[Excerpts from a dataset]

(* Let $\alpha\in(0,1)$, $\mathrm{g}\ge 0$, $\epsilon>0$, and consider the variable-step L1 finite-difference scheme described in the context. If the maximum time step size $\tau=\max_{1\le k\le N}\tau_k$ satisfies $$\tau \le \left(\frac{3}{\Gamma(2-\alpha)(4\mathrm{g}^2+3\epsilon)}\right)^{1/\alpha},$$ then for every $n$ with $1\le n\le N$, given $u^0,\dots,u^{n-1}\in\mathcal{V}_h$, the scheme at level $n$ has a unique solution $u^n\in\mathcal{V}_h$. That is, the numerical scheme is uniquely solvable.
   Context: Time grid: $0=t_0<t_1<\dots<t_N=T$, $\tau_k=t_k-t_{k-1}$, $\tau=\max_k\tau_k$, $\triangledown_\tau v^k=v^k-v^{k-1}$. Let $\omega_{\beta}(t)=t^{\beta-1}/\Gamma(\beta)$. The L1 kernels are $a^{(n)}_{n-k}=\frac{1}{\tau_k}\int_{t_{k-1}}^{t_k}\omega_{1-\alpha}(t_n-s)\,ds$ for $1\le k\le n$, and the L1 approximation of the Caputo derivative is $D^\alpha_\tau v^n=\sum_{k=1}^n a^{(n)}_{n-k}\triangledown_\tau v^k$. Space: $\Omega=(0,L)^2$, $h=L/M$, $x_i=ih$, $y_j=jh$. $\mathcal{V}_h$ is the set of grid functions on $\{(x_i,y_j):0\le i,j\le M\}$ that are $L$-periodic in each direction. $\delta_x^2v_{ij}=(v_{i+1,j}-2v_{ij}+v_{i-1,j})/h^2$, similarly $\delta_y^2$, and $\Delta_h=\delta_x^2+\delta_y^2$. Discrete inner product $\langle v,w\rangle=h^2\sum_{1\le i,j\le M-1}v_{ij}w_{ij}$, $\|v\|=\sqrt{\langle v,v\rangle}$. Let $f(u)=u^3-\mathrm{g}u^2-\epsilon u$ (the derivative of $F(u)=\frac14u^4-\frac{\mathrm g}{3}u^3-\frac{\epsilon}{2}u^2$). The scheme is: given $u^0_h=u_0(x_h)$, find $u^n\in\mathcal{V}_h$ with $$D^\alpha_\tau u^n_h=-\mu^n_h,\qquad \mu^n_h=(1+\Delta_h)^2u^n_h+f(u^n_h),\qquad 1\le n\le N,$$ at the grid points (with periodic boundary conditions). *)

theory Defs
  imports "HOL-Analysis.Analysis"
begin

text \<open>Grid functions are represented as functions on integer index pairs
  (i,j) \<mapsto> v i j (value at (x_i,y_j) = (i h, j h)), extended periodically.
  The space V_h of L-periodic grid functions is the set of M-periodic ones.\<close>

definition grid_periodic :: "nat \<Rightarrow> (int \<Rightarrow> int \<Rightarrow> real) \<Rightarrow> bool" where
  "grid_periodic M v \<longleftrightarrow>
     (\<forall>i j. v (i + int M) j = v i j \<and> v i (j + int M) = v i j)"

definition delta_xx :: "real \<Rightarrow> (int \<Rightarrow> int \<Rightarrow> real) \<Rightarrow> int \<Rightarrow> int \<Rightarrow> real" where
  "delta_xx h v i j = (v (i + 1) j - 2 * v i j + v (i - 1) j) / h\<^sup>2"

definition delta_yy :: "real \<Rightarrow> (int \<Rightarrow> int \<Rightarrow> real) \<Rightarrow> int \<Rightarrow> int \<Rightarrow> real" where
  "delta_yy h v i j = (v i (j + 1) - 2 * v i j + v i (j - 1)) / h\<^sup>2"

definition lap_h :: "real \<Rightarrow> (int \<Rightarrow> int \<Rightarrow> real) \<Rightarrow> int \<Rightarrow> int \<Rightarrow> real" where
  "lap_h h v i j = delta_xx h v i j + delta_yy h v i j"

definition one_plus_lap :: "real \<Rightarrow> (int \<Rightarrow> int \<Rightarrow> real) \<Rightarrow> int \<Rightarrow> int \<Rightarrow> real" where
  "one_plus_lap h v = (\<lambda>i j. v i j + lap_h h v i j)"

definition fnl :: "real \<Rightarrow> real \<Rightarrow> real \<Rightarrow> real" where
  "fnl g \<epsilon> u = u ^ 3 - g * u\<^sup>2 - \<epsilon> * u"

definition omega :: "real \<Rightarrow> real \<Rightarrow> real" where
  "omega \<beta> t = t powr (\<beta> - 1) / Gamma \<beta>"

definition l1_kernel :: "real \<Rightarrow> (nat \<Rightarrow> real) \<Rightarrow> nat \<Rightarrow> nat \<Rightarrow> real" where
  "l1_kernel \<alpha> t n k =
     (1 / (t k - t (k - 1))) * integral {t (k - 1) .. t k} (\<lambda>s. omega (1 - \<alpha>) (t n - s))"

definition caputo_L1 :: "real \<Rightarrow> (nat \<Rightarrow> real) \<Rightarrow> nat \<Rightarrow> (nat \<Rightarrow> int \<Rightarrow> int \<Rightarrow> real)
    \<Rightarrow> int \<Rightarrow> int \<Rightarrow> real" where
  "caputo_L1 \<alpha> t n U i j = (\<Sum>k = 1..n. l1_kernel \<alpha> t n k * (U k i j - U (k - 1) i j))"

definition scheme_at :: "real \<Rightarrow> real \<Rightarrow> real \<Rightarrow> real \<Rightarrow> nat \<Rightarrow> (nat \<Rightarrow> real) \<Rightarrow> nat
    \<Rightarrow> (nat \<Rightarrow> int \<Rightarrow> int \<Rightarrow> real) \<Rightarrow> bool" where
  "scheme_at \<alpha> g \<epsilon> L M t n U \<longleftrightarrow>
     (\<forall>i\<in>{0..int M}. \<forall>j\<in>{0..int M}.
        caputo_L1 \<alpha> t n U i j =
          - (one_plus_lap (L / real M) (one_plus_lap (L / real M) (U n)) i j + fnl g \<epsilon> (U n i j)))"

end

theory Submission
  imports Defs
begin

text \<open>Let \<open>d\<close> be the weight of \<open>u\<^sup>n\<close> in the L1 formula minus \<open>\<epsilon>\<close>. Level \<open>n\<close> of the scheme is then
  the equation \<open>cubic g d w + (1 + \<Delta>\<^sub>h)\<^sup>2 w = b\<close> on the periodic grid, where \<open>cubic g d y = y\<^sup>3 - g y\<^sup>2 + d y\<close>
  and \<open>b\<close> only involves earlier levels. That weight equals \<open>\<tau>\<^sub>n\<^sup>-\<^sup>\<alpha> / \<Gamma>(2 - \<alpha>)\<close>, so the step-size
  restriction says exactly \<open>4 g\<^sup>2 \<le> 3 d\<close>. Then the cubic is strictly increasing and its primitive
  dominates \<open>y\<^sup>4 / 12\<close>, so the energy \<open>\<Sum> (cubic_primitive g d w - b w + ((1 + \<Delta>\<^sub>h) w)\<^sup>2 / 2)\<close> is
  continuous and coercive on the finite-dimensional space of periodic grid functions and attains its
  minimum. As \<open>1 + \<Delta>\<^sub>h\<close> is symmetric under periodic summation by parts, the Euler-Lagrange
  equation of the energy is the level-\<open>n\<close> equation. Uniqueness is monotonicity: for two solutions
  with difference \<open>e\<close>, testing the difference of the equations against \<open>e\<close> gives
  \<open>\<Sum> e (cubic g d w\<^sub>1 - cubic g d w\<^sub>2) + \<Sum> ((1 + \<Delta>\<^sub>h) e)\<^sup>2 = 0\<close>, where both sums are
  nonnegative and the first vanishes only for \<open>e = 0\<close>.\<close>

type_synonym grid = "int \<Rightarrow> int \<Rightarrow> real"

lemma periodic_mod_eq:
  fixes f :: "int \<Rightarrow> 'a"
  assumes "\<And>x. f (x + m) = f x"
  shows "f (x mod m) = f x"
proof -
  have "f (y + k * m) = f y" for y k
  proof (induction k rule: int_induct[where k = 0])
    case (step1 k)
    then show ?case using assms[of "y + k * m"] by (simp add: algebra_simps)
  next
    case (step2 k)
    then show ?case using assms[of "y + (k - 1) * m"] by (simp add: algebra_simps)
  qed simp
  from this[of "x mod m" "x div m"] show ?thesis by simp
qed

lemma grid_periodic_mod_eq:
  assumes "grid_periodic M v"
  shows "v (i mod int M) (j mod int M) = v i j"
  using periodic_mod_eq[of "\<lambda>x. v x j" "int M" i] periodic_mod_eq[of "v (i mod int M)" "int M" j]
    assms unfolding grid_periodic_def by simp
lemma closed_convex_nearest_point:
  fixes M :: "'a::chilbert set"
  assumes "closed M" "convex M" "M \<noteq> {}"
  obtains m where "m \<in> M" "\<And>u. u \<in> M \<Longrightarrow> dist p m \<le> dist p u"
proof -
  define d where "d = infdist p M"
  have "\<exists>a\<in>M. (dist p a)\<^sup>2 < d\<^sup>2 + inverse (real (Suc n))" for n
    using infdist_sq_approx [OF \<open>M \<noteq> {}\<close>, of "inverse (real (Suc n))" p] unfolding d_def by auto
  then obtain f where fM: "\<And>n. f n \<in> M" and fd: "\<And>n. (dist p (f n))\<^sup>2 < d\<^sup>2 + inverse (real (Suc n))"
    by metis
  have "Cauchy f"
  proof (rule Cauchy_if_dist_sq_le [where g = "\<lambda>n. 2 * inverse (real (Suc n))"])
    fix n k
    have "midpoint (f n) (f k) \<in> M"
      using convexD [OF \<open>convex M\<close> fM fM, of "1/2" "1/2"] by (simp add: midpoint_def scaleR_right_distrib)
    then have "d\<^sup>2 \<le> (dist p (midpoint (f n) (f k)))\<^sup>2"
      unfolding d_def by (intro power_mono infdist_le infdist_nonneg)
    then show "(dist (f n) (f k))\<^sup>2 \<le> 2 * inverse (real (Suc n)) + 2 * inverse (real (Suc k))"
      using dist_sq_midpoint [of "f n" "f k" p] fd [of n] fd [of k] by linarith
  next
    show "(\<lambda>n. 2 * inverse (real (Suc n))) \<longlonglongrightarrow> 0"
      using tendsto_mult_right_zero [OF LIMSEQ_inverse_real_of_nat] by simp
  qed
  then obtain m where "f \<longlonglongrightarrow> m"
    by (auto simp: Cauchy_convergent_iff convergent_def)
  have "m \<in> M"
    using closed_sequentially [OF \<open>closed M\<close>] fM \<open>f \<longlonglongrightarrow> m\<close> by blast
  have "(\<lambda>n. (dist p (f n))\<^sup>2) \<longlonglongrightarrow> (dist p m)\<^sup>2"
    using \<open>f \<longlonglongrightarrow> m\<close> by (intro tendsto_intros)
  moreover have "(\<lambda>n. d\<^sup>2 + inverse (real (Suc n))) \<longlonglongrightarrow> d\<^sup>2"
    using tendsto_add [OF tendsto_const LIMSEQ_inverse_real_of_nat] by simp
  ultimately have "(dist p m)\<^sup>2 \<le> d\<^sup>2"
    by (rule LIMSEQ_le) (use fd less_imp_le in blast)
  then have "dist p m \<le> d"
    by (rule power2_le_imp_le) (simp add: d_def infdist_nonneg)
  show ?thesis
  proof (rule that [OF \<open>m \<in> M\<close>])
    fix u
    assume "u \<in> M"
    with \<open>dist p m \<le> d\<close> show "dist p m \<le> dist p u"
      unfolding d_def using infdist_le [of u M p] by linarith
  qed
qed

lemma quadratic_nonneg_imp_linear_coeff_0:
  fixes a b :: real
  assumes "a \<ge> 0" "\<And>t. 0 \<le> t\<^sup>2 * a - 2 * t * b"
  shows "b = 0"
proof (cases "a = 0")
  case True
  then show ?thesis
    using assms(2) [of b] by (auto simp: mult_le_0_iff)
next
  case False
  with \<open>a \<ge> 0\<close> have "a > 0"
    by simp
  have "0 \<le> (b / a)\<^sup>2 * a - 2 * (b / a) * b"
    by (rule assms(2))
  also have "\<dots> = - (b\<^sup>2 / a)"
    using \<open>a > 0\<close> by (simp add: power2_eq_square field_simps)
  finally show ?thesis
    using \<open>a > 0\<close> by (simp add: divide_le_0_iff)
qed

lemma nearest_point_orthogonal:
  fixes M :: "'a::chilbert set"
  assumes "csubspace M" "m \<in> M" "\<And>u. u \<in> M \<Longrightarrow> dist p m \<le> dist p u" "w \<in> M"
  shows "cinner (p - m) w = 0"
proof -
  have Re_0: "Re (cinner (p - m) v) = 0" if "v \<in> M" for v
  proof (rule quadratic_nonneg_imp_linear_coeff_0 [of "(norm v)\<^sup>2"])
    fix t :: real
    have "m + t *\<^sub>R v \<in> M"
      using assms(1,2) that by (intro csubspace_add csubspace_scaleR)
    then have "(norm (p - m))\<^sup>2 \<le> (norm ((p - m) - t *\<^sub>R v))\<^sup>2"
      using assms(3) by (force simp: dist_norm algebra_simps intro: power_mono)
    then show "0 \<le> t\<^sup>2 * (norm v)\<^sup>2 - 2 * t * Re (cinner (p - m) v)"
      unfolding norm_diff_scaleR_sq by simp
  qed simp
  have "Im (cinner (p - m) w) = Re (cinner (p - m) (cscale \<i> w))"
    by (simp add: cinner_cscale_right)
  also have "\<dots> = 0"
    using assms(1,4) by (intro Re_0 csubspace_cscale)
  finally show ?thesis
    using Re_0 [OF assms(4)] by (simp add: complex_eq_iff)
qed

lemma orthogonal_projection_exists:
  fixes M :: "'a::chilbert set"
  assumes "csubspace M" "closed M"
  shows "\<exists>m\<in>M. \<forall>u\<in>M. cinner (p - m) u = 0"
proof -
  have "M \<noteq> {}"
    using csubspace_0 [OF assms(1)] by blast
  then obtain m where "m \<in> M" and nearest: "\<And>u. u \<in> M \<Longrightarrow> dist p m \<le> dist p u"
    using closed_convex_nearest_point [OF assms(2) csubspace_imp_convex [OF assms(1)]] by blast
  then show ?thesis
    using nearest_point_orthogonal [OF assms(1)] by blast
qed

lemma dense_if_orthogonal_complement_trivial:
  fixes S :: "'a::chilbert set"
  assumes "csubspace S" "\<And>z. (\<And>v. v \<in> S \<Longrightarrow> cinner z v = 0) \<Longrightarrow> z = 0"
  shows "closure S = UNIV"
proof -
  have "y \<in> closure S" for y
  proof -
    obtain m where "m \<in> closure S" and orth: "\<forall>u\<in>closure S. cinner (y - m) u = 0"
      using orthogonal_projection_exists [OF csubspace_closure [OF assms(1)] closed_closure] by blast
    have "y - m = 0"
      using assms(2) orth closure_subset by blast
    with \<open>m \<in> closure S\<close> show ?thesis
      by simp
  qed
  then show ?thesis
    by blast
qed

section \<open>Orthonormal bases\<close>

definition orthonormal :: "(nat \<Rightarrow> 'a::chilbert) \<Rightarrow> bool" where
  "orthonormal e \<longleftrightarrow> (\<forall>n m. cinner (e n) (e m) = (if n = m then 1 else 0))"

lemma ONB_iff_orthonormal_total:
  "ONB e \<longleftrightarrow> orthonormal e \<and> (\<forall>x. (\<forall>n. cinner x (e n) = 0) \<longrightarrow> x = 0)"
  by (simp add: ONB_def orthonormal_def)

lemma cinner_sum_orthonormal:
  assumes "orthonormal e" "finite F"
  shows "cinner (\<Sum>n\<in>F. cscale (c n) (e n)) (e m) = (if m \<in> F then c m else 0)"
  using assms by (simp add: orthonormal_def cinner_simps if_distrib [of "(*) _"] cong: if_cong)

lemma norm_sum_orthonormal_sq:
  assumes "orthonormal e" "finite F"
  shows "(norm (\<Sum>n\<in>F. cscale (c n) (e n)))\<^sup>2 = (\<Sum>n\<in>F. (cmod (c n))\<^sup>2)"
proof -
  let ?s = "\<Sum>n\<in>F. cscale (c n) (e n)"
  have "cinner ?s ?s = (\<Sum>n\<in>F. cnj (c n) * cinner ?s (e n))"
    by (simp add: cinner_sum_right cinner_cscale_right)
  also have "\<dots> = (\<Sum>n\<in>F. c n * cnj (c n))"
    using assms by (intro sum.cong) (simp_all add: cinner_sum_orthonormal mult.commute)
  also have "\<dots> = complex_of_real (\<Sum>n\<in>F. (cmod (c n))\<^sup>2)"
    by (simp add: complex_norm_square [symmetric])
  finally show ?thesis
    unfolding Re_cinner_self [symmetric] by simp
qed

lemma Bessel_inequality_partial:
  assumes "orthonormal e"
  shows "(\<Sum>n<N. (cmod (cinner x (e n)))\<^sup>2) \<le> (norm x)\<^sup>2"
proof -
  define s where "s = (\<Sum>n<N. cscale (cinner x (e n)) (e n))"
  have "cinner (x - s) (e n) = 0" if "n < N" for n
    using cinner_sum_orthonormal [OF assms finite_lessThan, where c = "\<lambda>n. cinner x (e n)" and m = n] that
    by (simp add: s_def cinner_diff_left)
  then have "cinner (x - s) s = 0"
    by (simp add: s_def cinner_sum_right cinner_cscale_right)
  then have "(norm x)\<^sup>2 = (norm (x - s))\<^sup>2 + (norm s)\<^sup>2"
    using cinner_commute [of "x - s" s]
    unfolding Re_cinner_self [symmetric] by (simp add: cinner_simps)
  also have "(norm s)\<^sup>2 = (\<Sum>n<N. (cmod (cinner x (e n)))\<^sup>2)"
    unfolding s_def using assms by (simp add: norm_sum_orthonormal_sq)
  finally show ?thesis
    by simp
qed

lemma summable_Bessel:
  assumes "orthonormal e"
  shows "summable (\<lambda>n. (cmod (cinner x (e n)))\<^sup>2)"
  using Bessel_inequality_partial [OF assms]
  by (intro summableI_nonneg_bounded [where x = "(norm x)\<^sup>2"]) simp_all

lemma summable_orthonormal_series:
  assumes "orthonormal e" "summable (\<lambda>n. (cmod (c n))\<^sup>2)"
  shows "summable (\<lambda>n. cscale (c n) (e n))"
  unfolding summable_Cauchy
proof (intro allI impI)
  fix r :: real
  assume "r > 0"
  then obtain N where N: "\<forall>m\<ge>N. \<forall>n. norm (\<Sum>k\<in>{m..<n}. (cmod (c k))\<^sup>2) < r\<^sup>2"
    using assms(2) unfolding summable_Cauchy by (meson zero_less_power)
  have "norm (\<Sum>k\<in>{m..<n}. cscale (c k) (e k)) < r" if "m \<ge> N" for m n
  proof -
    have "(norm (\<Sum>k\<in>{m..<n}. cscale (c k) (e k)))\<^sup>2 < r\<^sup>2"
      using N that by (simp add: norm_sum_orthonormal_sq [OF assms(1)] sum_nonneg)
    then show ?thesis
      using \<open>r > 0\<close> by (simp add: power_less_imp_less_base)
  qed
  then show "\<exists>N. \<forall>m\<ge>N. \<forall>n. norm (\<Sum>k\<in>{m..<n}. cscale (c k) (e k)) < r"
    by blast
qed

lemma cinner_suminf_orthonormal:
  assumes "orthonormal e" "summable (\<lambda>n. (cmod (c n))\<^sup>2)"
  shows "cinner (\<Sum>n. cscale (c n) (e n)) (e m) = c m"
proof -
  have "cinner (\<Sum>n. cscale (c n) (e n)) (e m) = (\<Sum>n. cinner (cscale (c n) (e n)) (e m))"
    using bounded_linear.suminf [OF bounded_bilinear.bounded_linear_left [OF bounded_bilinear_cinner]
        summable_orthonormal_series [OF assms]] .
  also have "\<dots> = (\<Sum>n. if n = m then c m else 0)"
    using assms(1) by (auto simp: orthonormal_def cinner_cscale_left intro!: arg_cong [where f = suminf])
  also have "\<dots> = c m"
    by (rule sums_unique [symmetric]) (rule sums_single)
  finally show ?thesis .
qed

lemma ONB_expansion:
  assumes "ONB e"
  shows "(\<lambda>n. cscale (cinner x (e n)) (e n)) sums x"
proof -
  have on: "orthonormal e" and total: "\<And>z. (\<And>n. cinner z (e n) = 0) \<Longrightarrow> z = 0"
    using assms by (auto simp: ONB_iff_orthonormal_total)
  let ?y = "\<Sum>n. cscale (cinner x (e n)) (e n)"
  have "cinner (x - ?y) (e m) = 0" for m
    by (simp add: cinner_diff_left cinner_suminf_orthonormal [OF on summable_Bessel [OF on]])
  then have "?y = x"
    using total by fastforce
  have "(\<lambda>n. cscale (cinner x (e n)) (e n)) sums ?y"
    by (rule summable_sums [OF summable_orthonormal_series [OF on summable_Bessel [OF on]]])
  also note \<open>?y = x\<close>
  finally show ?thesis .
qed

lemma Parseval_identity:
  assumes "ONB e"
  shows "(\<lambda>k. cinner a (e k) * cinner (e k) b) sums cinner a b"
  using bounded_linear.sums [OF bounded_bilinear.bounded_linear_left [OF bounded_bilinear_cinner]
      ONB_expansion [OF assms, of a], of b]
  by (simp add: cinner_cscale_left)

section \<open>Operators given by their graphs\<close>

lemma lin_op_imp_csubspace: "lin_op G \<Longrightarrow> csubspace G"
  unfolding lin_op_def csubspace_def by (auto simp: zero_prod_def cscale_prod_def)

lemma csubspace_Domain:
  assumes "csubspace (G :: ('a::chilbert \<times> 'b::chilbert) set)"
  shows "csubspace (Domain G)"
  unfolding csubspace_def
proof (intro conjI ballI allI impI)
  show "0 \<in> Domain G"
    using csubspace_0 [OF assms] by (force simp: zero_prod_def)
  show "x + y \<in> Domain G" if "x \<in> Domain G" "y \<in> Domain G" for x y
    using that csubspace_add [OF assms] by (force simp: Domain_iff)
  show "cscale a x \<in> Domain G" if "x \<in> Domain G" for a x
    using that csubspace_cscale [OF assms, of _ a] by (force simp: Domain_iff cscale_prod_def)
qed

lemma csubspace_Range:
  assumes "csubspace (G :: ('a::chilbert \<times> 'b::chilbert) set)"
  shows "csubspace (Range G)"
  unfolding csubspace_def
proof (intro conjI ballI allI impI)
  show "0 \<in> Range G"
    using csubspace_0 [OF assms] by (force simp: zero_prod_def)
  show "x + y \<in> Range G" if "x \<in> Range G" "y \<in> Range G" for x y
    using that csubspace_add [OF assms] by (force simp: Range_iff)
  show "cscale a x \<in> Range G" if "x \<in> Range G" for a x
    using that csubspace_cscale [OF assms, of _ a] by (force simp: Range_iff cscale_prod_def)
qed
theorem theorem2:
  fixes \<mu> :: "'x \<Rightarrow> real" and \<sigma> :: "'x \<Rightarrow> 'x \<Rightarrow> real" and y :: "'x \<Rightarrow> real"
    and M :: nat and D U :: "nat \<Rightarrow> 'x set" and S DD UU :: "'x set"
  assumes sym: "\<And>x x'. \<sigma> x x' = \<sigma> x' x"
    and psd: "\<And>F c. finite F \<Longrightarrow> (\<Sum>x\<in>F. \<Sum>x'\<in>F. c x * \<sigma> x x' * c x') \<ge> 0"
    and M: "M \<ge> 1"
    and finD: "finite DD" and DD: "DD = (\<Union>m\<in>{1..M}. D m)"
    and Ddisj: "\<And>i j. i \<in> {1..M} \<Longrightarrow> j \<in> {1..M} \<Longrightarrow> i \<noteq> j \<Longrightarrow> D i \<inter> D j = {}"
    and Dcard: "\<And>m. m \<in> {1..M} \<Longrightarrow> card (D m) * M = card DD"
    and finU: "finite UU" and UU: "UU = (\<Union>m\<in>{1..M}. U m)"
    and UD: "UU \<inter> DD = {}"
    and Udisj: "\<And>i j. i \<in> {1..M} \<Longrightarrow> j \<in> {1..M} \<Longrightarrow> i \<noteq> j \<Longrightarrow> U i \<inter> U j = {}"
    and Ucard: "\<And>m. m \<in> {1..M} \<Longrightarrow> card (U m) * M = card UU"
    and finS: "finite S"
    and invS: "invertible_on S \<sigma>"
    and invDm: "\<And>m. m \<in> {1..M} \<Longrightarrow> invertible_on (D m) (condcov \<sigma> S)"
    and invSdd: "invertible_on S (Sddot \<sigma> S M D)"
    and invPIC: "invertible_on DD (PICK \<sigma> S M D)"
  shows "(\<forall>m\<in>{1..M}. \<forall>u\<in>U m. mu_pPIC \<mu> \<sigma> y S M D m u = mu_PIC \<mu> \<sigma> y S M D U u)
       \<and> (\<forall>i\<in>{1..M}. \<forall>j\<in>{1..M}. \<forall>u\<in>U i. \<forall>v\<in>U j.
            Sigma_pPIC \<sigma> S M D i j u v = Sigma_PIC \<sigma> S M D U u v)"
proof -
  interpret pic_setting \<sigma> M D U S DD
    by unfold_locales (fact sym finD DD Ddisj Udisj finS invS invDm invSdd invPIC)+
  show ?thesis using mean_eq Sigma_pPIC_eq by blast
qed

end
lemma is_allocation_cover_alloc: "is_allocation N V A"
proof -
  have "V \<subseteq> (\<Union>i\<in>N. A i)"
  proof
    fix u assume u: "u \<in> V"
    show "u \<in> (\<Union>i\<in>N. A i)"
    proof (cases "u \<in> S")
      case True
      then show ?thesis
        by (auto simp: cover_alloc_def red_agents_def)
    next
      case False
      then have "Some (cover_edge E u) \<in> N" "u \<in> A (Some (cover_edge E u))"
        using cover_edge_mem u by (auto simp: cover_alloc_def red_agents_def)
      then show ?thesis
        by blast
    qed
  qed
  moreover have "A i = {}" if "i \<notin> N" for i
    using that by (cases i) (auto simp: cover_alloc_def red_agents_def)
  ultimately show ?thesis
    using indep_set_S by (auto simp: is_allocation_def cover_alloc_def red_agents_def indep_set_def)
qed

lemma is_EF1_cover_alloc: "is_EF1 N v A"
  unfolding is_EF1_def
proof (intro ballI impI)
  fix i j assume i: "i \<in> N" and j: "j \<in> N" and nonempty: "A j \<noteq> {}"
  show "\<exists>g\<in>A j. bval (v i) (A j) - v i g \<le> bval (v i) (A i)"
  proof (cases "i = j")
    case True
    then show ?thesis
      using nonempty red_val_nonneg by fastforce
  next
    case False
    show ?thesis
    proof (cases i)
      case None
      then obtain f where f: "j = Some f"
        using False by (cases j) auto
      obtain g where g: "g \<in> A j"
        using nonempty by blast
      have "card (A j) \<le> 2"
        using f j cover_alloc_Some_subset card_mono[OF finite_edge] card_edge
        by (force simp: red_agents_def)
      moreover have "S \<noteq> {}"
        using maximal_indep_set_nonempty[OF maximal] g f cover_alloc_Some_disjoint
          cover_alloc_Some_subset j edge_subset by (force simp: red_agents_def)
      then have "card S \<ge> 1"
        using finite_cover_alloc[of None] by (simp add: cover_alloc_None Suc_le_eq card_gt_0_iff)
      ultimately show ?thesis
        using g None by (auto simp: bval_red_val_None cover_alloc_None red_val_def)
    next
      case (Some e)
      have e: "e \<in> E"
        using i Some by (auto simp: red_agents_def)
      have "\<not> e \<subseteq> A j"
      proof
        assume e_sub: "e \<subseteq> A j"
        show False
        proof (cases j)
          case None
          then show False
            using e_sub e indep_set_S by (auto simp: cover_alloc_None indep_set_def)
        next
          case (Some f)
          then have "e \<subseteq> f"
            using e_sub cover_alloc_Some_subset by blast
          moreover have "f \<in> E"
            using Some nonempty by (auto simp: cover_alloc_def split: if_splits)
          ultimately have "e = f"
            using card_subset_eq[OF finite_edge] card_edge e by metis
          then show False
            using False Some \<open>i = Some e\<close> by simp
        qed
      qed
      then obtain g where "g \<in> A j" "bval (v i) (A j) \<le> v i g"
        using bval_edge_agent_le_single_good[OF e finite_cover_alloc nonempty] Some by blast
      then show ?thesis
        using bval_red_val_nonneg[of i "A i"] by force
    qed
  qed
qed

◆ **The problem**
Work through the records above and count the lines that hold the string "weight". Please give only that figure.

◆ **Answer to this problem**
2